### PROBLEM TO SOLVE
Please restate, word for word, each line from the one containing "set \<Rightarrow> 'a" through the end of the entries below.

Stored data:
◇ ◇ ◇ ◇ ◇

(* Let $X$ be a real Hilbert space and $I$ either $[0,T]$ ($T>0$) or $[0,+\infty)$. Assume: $K\subset X$ is a nonempty closed convex cone; $A:X\to X$ satisfies $(Au-Av,u-v)_X\ge m_A\|u-v\|_X^2$ and $\|Au-Av\|_X\le L_A\|u-v\|_X$ for all $u,v\in X$, with $m_A,L_A>0$; $f\in C(I;X)$; $\mathcal{S}:C(I;X)\to C(I;X)$ is a history-dependent operator; $j:K\to\mathbb{R}$ is a convex, positively homogeneous, Lipschitz continuous function. Then there exists a unique function $u\in C(I;K)$ such that $$-u(t)\in \mathrm{N}_{C(t)}\big(Au(t)+\mathcal{S}u(t)\big)\quad\forall\,t\in I.$$
   Context: $\mathcal{S}$ is history-dependent if for every compact $\mathcal J\subset I$ there is $L_{\mathcal J}>0$ with $\|\mathcal{S}u_1(t)-\mathcal{S}u_2(t)\|_X\le L_{\mathcal J}\int_0^t\|u_1(s)-u_2(s)\|_X ds$ for all $u_1,u_2\in C(I;X)$, $t\in\mathcal J$. Define $J:X\to(-\infty,+\infty]$ by $J(v)=j(v)$ if $v\in K$, $J(v)=+\infty$ otherwise; $C=\{\xi\in X:J(v)\ge(\xi,v)_X\ \forall v\in X\}$ and $C(t)=f(t)-C$ for $t\in I$. For a nonempty closed convex $D\subset X$, $\mathrm{N}_D(x)=\{\xi:(\xi,w-x)_X\le0\ \forall w\in D\}$ if $x\in D$, $\emptyset$ otherwise. *)

theory Defs
  imports "HOL-Analysis.Analysis"
begin

definition Jext :: "'a set \<Rightarrow> ('a \<Rightarrow> real) \<Rightarrow> 'a \<Rightarrow> ereal" where
  "Jext K j v = (if v \<in> K then ereal (j v) else PInfty)"

definition Cset :: "'a::real_inner set \<Rightarrow> ('a \<Rightarrow> real) \<Rightarrow> 'a set" where
  "Cset K j = {\<xi>. \<forall>v. Jext K j v \<ge> ereal (inner \<xi> v)}"

definition Ct :: "'a::real_inner set \<Rightarrow> ('a \<Rightarrow> real) \<Rightarrow> (real \<Rightarrow> 'a) \<Rightarrow> real \<Rightarrow> 'a set" where
  "Ct K j f t = (\<lambda>\<xi>. f t - \<xi>) ` Cset K j"

definition NormalCone :: "'a::real_inner set \<Rightarrow> 'a \<Rightarrow> 'a set" where
  "NormalCone D x = (if x \<in> D then {\<xi>. \<forall>w\<in>D. inner \<xi> (w - x) \<le> 0} else {})"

◇ ◇ ◇ ◇ ◇

### ANSWER SPACE
definition NormalCone :: "'a::real_inner set \<Rightarrow> 'a \<Rightarrow> 'a set" where
  "NormalCone D x = (if x \<in> D then {\<xi>. \<forall>w\<in>D. inner \<xi> (w - x) \<le> 0} else {})"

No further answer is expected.